Я не люблю своей свободы,
Своей сердечной пустоты…
 
   – Извините, кажется вы писали этот акростих для Софи Луговской, – сказал Рамирский, посмотрев с удивлением на творца знакомого ему акростиха.
   – Ах, да, в самом деле, я и забыл.
 
Я не люблю красот природы.
Что ж я люблю? Поймешь ли ты,
Что я люблю?
 
   – Бесподобно! против таких стрел поэзии нельзя устоять: я это тотчас почувствовал; знаете ли, что Софи без памяти от вас?
   – Неужели? Однако ж эти стансы слабо вылились, – продолжал поэт, пришедший в восторг от собственных стихов и не обращавший внимания на предметы, внушающие их, как на ненужные орудия, как на подмостки, которые отбрасывают после совершения поэтического здания, – я вам прочитаю написанные в альбом одной черноокой, чернобровой:
 
Черноокая, чернобровая,
Моя душечка, жизнь сердечная!
Не пленит меня ветвь лавровая,
Дай колечко мне подвенечное!
 
   – Помилуйте, у вас целый гарем очаровательных существ, которым вы предлагаете не только вечную любовь в стихах, но даже и руку.
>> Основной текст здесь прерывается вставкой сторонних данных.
lemma data_cone_mono:
  assumes "(x, t') \<in> \<Omega>" "(y, t) \<in> \<Omega>" "t' \<le> t" "\<bar>x - y\<bar> \<le> (1 + \<epsilon>) * (t - t')"
  shows "f (x + t') \<le> f (y + t) + (t - t') * N\<^sub>0" and "g (x - t') \<le> g (y - t) + (t - t') * N\<^sub>0"
proof -
  have budget: "S * \<bar>a - b\<bar> \<le> (t - t') * N\<^sub>0" if "\<bar>a - b\<bar> \<le> \<bar>x - y\<bar> + (t - t')" for a b
  proof -
    have "(2 + \<epsilon>) * (t - t') = (1 + \<epsilon>) * (t - t') + (t - t')" by algebra
    then have "S * \<bar>a - b\<bar> \<le> S * ((2 + \<epsilon>) * (t - t'))"
      using that assms S_nonneg by (intro mult_left_mono) auto
    also have "\<dots> = ((2 + \<epsilon>) * S) * (t - t')" by algebra
    also have "\<dots> \<le> N\<^sub>0 * (t - t')" using data_small assms by (intro mult_right_mono) auto
    finally show ?thesis by (simp add: mult.commute)
  qed
  have in_ball: "x + t' \<in> ball 0 (R + T)" "y + t \<in> ball 0 (R + T)"
    "x - t' \<in> ball 0 (R + T)" "y - t \<in> ball 0 (R + T)" using assms by auto
  have "\<bar>f (x + t') - f (y + t)\<bar> \<le> S * \<bar>(x + t') - (y + t)\<bar>" using lipschitz_f in_ball by blast
  also have "\<dots> \<le> (t - t') * N\<^sub>0" using assms(3) by (intro budget) arith
  finally show "f (x + t') \<le> f (y + t) + (t - t') * N\<^sub>0" by (simp add: abs_le_iff)
  have "\<bar>g (x - t') - g (y - t)\<bar> \<le> S * \<bar>(x - t') - (y - t)\<bar>" using lipschitz_g in_ball by blast
  also have "\<dots> \<le> (t - t') * N\<^sub>0" using assms(3) by (intro budget) arith
  finally show "g (x - t') \<le> g (y - t) + (t - t') * N\<^sub>0" by (simp add: abs_le_iff)
qed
   – Хм! – произнес поэт с самодовольствием и хотел было что-то сказать; но вдруг послышался быстрый однозвучный поток слов. Большая часть гостей двинулась в другую комнату, где подле стола сидел уже какой-то смиренный повествователь и читал свое произведение. От душевного волнения он был бледен; от невольного движения руки густые длинные волоса его стали копром, глаза стремительно мчались по строчкам, как вагон по рельсам, слова сливались в гул поезда, предметы описания неслись мимо, как окрестности железной дороги в глазах несущегося по ней путешественника.
   Как будто пригнанные на поденную работу, без присмотра, слушатели сидели задумавшись, зевали или попарно перешептывались.
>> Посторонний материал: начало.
(* Let $\phi$ be a Minkowski coordinate system, and suppose that $\phi'$ is an inertial coordinate system which is at rest with respect to $\phi$ and for which the isotropy of the two-way velocity of light holds. If every causality M-statement which holds true according to $\phi$ also holds true according to $\phi'$, then $\phi'$ is a Minkowski coordinate system up to a scale factor, and the $\phi$-synchrony and the $\phi'$-synchrony coincide.
   Context: Setting: Minkowski space-time modelled on $\mathbb{R}^4$ with the Lorentzian form $g$ represented in the canonical basis by $\mathrm{diag}(1,1,1,-c^2)$, $c$ the speed of light in empty space, with its standard time orientation. A Minkowski coordinate system is an affine coordinate system in which the metric takes this standard form $\mathrm{diag}(1,1,1,-c^2)$ (with the time coordinate future-oriented). An inertial coordinate system is an affine coordinate system on $\mathbb{R}^4$ whose associated basis of free vectors is of the form $(e_1,e_2,e_3,u)$, where the subspace spanned by $e_1,e_2,e_3$ is spacelike and $u$ is timelike. For an inertial coordinate system $\phi$ and events $p\neq q$, $p$ is causally M-connectible to $q$ according to $\phi$ if $\phi(q)-\phi(p)$ is a future timelike or null vector with respect to the standard Minkowski form $\mathrm{diag}(1,1,1,-c^2)$ on coordinate space; a causality M-statement is any statement that one event is causally M-connectible to another. Known fact used: for every inertial coordinate system $\phi'$ for which the two-way velocity of light is isotropic there is a unique Minkowski coordinate system $\phi$ such that the transition from $\phi$ to $\phi'$ has the form $\mathbf{r}'=\lambda\mathbf{r}$, $t'=\lambda(t+\mathbf{k}\cdot\mathbf{r})$ with $\lambda>0$, $|\mathbf{k}|<1/c$, and conversely every such $\phi'$ has isotropic two-way light speed. The $\phi$-synchrony is the simultaneity relation given by equal $\phi$-time coordinate. *)

theory Defs
  imports "HOL-Analysis.Analysis"
begin

text \<open>Events of Minkowski space-time and coordinate tuples are both modelled as
  elements of real^4; the fourth component is the time component.\<close>

definition mink :: "real \<Rightarrow> real^4 \<Rightarrow> real^4 \<Rightarrow> real" where
  "mink c v w = v$1 * w$1 + v$2 * w$2 + v$3 * w$3 - c\<^sup>2 * (v$4 * w$4)"

definition affine_coord :: "(real^4 \<Rightarrow> real^4) \<Rightarrow> bool" where
  "affine_coord \<phi> \<longleftrightarrow> (\<exists>L b. linear L \<and> bij L \<and> (\<forall>p. \<phi> p = L p + b))"

text \<open>The associated basis of free vectors: the i-th basis vector is the displacement
  of events corresponding to a unit step in the i-th coordinate.\<close>
definition fvec :: "(real^4 \<Rightarrow> real^4) \<Rightarrow> 4 \<Rightarrow> real^4" where
  "fvec \<phi> i = inv \<phi> (\<phi> 0 + axis i 1) - inv \<phi> (\<phi> 0)"

definition minkowski_cs :: "real \<Rightarrow> (real^4 \<Rightarrow> real^4) \<Rightarrow> bool" where
  "minkowski_cs c \<phi> \<longleftrightarrow> affine_coord \<phi> \<and>
     (\<forall>i j. mink c (fvec \<phi> i) (fvec \<phi> j) = mink c (axis i 1) (axis j 1)) \<and>
     (fvec \<phi> 4)$4 > 0"

definition inertial_cs :: "real \<Rightarrow> (real^4 \<Rightarrow> real^4) \<Rightarrow> bool" where
  "inertial_cs c \<phi> \<longleftrightarrow> affine_coord \<phi> \<and>
     (\<forall>v\<in>span {fvec \<phi> 1, fvec \<phi> 2, fvec \<phi> 3}. v \<noteq> 0 \<longrightarrow> mink c v v > 0) \<and>
     mink c (fvec \<phi> 4) (fvec \<phi> 4) < 0"

text \<open>phi' is at rest w.r.t. phi: the time axes (worldlines of fixed spatial
  coordinates) are parallel.\<close>
definition at_rest_wrt :: "(real^4 \<Rightarrow> real^4) \<Rightarrow> (real^4 \<Rightarrow> real^4) \<Rightarrow> bool" where
  "at_rest_wrt \<phi>' \<phi> \<longleftrightarrow> (\<exists>a. fvec \<phi>' 4 = a *\<^sub>R fvec \<phi> 4)"

definition light_signal :: "real \<Rightarrow> real^4 \<Rightarrow> real^4 \<Rightarrow> bool" where
  "light_signal c p q \<longleftrightarrow> mink c (q - p) (q - p) = 0 \<and> (q - p)$4 > 0"

text \<open>Isotropy of the two-way velocity of light in phi: a light signal emitted from
  the spatial point at rest at coordinates X, reflected at the spatial point displaced
  by d (d spatial, nonzero), and received back at the starting spatial point after
  coordinate time T, always has two-way velocity 2|d|/T equal to c, whatever the
  direction of d.\<close>
definition iso_two_way :: "real \<Rightarrow> (real^4 \<Rightarrow> real^4) \<Rightarrow> bool" where
  "iso_two_way c \<phi> \<longleftrightarrow>
     (\<forall>X d s T. d$4 = 0 \<and> d \<noteq> 0 \<and>
        light_signal c (inv \<phi> X) (inv \<phi> (X + d + s *\<^sub>R axis 4 1)) \<and>
        light_signal c (inv \<phi> (X + d + s *\<^sub>R axis 4 1)) (inv \<phi> (X + T *\<^sub>R axis 4 1))
        \<longrightarrow> 2 * norm d / T = c)"

definition causal_M :: "real \<Rightarrow> (real^4 \<Rightarrow> real^4) \<Rightarrow> real^4 \<Rightarrow> real^4 \<Rightarrow> bool" where
  "causal_M c \<phi> p q \<longleftrightarrow> p \<noteq> q \<and>
     mink c (\<phi> q - \<phi> p) (\<phi> q - \<phi> p) \<le> 0 \<and> (\<phi> q - \<phi> p)$4 > 0"

end

theory Submission
  imports Defs
begin

text \<open>Let N be the linear part of the change from \<phi>'-coordinates to \<phi>-coordinates.  Being at
  rest means that N maps the time axis to itself, stretched by some factor \<alpha>.  Send light from a
  point at rest to a spatial displacement d and back, with both legs null in \<phi>: isotropy of the
  two-way speed of light in \<phi>' forces the spatial part of N d to have length \<alpha>|d|, and \<alpha> > 0.
  If N d had a positive time component, shifting d in time would produce a vector that is
  future null in \<phi> but spacelike in \<phi>', contradicting the inheritance of causality statements;
  applied to d and -d this shows that N preserves simultaneity.  Hence N multiplies the Minkowski
  form by \<alpha>^2, so \<alpha> \<phi>' is a Minkowski coordinate system whose synchrony is that of \<phi>.\<close>

definition spatial_sq :: "real^4 \<Rightarrow> real" where
  "spatial_sq v = (v$1)\<^sup>2 + (v$2)\<^sup>2 + (v$3)\<^sup>2"

definition future_causal :: "real \<Rightarrow> real^4 \<Rightarrow> bool" where
  "future_causal c v \<longleftrightarrow> mink c v v \<le> 0 \<and> v$4 > 0"

definition future_null :: "real \<Rightarrow> real^4 \<Rightarrow> bool" where
  "future_null c v \<longleftrightarrow> mink c v v = 0 \<and> v$4 > 0"

lemma spatial_sq_nonneg: "spatial_sq v \<ge> 0"
  by (simp add: spatial_sq_def)

lemma spatial_sq_add_time [simp]: "spatial_sq (v + t *\<^sub>R axis 4 1) = spatial_sq v"
  by (simp add: spatial_sq_def axis_def)

lemma spatial_sq_time_diff [simp]: "spatial_sq (t *\<^sub>R axis 4 1 - v) = spatial_sq v"
  by (simp add: spatial_sq_def axis_def power2_commute)

lemma spatial_sq_diff_time [simp]: "spatial_sq (v - t *\<^sub>R axis 4 1) = spatial_sq v"
  by (simp add: spatial_sq_def axis_def)

lemma norm_sq_spatial: "v$4 = 0 \<Longrightarrow> (norm v)\<^sup>2 = spatial_sq v"
  by (simp add: norm_vec_def L2_set_def sum_4 spatial_sq_def)

lemma mink_self: "mink c v v = spatial_sq v - c\<^sup>2 * (v$4)\<^sup>2"
  by (simp add: mink_def spatial_sq_def power2_eq_square)

lemma future_null_of_radius:
  assumes "c > 0" "r > 0" "spatial_sq v = r\<^sup>2" "v$4 = r / c"
  shows "future_null c v"
  using assms by (simp add: future_null_def mink_self power_divide)

lemma mink_add_left: "mink c (u + v) w = mink c u w + mink c v w"
  and mink_add_right: "mink c w (u + v) = mink c w u + mink c w v"
  and mink_scaleR_left: "mink c (a *\<^sub>R u) w = a * mink c u w"
  and mink_scaleR_right: "mink c w (a *\<^sub>R u) = a * mink c w u"
  by (simp_all add: mink_def algebra_simps)

lemma bilinear_mink: "bilinear (mink c)"
  unfolding bilinear_def
  by (auto intro!: linearI simp: mink_add_left mink_add_right mink_scaleR_left mink_scaleR_right)

lemma mink_polar: "mink c u v = (mink c (u + v) (u + v) - mink c u u - mink c v v) / 2"
  by (simp add: mink_def algebra_simps)

lemma mink_linear_eqI:
  assumes "linear P"
    and "\<And>i j. mink c (P (axis i 1)) (P (axis j 1)) = mink c (axis i 1) (axis j 1)"
  shows "mink c (P x) (P y) = mink c x y"
proof -
  have "bilinear (\<lambda>x y. mink c (P x) (P y))"
    using bilinear_mink assms(1) unfolding bilinear_def
    by (auto intro: linear_compose[unfolded o_def])
  then have "(\<lambda>x y. mink c (P x) (P y)) = mink c"
    by (rule bilinear_eq_stdbasis[OF _ bilinear_mink]) (auto dest!: axis_inverse simp: assms(2))
  then show ?thesis by metis
qed

lemma future_time_pos_of_mink_neg:
  assumes "mink c u u \<le> 0" and "future_causal c f" and "mink c u f < 0"
  shows "u$4 > 0"
proof (rule ccontr)
  assume "\<not> u$4 > 0"
  then have "c\<^sup>2 * u$4 * f$4 \<le> 0"
    using assms(2) mult_nonneg_nonpos[of "c\<^sup>2" "u$4 * f$4"]
    by (simp add: future_causal_def mult_nonpos_nonneg mult.assoc)
  define dot where "dot = u$1 * f$1 + u$2 * f$2 + u$3 * f$3"
  have "dot\<^sup>2 \<le> spatial_sq u * spatial_sq f"
  proof -
    \<comment> \<open>Lagrange's identity\<close>
    have "0 \<le> (u$1 * f$2 - u$2 * f$1)\<^sup>2 + (u$1 * f$3 - u$3 * f$1)\<^sup>2 + (u$2 * f$3 - u$3 * f$2)\<^sup>2"
      by simp
    then show ?thesis by (simp add: dot_def spatial_sq_def power2_eq_square algebra_simps)
  qed
  also have "\<dots> \<le> (c\<^sup>2 * (u$4)\<^sup>2) * (c\<^sup>2 * (f$4)\<^sup>2)"
    using assms(1,2) by (intro mult_mono) (auto simp: mink_self future_causal_def spatial_sq_nonneg)
  also have "\<dots> = (c\<^sup>2 * u$4 * f$4)\<^sup>2"
    by (simp add: power2_eq_square)
  finally have "\<bar>dot\<bar> \<le> \<bar>c\<^sup>2 * u$4 * f$4\<bar>"
    using abs_le_square_iff by blast
  moreover have "mink c u f = dot - c\<^sup>2 * u$4 * f$4"
    by (simp add: mink_def dot_def)
  ultimately show False
    using assms(3) \<open>c\<^sup>2 * u$4 * f$4 \<le> 0\<close> by linarith
qed

lemma isometry_preserves_future:
  assumes "c \<noteq> 0" and iso: "\<And>x y. mink c (P x) (P y) = mink c x y"
    and "(P (axis 4 1))$4 > 0" and w: "future_causal c w"
  shows "future_causal c (P w)"
proof -
  have "(P w)$4 > 0"
  proof (rule future_time_pos_of_mink_neg)
    show "mink c (P w) (P w) \<le> 0" using iso w by (simp add: future_causal_def)
    show "future_causal c (P (axis 4 1))"
      using assms by (simp add: future_causal_def iso mink_def axis_def)
    show "mink c (P w) (P (axis 4 1)) < 0"
      unfolding iso using assms(1) w by (simp add: mink_def axis_def future_causal_def)
  qed
  then show ?thesis
    using w by (simp add: future_causal_def iso)
qed

lemma linear_inv_of_bij:
  fixes L :: "'a::euclidean_space \<Rightarrow> 'a"
  shows "linear L \<Longrightarrow> bij L \<Longrightarrow> linear (inv L)"
  using inj_linear_imp_inv_linear bij_is_inj by blast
   Поэт не давал и Рамирскому слушать; как будто надумавшись, что сказать на слова Рамирского, он прошептал ему:
   – Поэт должен любить всех, и все должны любить поэта. Поэт свободен! – и начал декламировать вполголоса:
 
Свободен я, но нет мгновений,
Вполне свободных для меня.
Я жрец богини вдохновений,
Я страж священного огня!
 
   – Но это жестоко: насчет спокойствия несчастных сердец скопить том стихотворений, – сказал тихо Рамирский.
   – Поэт, как пчела, собирает мед со всех цветов, – сказал поэт равнодушно, не затрогиваясь упреками.
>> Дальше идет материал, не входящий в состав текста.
(* Let $A$ be an $\mathbb N$-graded $k$-algebra generated by $A_1$ over $A_0$, and let $M$ be a point module over $A$. Then $\mathrm{End}_{\mathrm{QGr}\,A}(\pi^*M)\cong k$.
   Context: $k$ is a field. A point module is a graded right $A$-module $M=\bigoplus_{i\ge0}M_i$ with $M=M_0A$ and $\dim_kM_i=1$ for all $i\ge0$. $\mathrm{QGr}\,A$ is the quotient of the category of $\mathbb Z$-graded right $A$-modules by the torsion modules (modules each of whose elements $m$ satisfies $mA_{\ge n}=0$ for some $n$), with quotient functor $\pi^*$. *)

theory Defs
  imports Main
begin

(* The algebra A is the whole type 'a (a not necessarily commutative ring with 1).
   The k-algebra structure is a ring homomorphism phi : k -> A with central image. *)

definition direct_sum_decomp :: "('i \<Rightarrow> 'x::comm_monoid_add set) \<Rightarrow> bool" where
  "direct_sum_decomp G \<longleftrightarrow>
     (\<forall>x. \<exists>!c :: 'i \<Rightarrow> 'x. finite {i. c i \<noteq> 0} \<and> (\<forall>i. c i \<in> G i)
            \<and> x = (\<Sum>i\<in>{i. c i \<noteq> 0}. c i))"

definition additive_subgroup :: "'x::ab_group_add set \<Rightarrow> bool" where
  "additive_subgroup S \<longleftrightarrow> 0 \<in> S \<and> (\<forall>x\<in>S. \<forall>y\<in>S. x + y \<in> S \<and> - x \<in> S)"

inductive_set ring_gen :: "'a::ring_1 set \<Rightarrow> 'a set" for S where
  base: "x \<in> S \<Longrightarrow> x \<in> ring_gen S"
| zero: "0 \<in> ring_gen S"
| one: "1 \<in> ring_gen S"
| add: "x \<in> ring_gen S \<Longrightarrow> y \<in> ring_gen S \<Longrightarrow> x + y \<in> ring_gen S"
| neg: "x \<in> ring_gen S \<Longrightarrow> - x \<in> ring_gen S"
| mult: "x \<in> ring_gen S \<Longrightarrow> y \<in> ring_gen S \<Longrightarrow> x * y \<in> ring_gen S"

definition graded_k_algebra :: "('k::field \<Rightarrow> 'a::ring_1) \<Rightarrow> (nat \<Rightarrow> 'a set) \<Rightarrow> bool" where
  "graded_k_algebra phi Agr \<longleftrightarrow>
     (\<forall>c d. phi (c + d) = phi c + phi d \<and> phi (c * d) = phi c * phi d) \<and> phi 1 = 1 \<and>
     (\<forall>c a. phi c * a = a * phi c) \<and>
     (\<forall>i. additive_subgroup (Agr i) \<and> (\<forall>c. \<forall>a\<in>Agr i. phi c * a \<in> Agr i)) \<and>
     (\<forall>i j. \<forall>a\<in>Agr i. \<forall>b\<in>Agr j. a * b \<in> Agr (i + j)) \<and>
     direct_sum_decomp Agr"

definition generated_in_degree_one :: "(nat \<Rightarrow> 'a::ring_1 set) \<Rightarrow> bool" where
  "generated_in_degree_one Agr \<longleftrightarrow> ring_gen (Agr 0 \<union> Agr 1) = UNIV"

definition Age :: "(nat \<Rightarrow> 'a::ring_1 set) \<Rightarrow> nat \<Rightarrow> 'a set" where
  "Age Agr n = {a. \<exists>ps. a = sum_list (map snd ps) \<and> (\<forall>(i, b)\<in>set ps. n \<le> i \<and> b \<in> Agr i)}"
   – Бедная Софи Луговская! Как она должна страдать! Вы соблазнили ее чувства.
   – Я соблазнил?
 
Нет, никогда с притворным чувством
Ни в чьи глаза я не смотрел,
И средством низких душ – искусством
Ничьей душой не овладел!
 
   – Это все прекрасно; но вы погубили ее своими стихами. Она изнывает.
   – А я? Я спокоен? Когда она уезжала, я написал…
   – Браво, браво! прекрасно! – крикнули несколько голосов, как будто спросонок, когда повествователь, запыхавшись, достиг, наконец, до размаха пера, которым заключалась повесть, в виде закорючки.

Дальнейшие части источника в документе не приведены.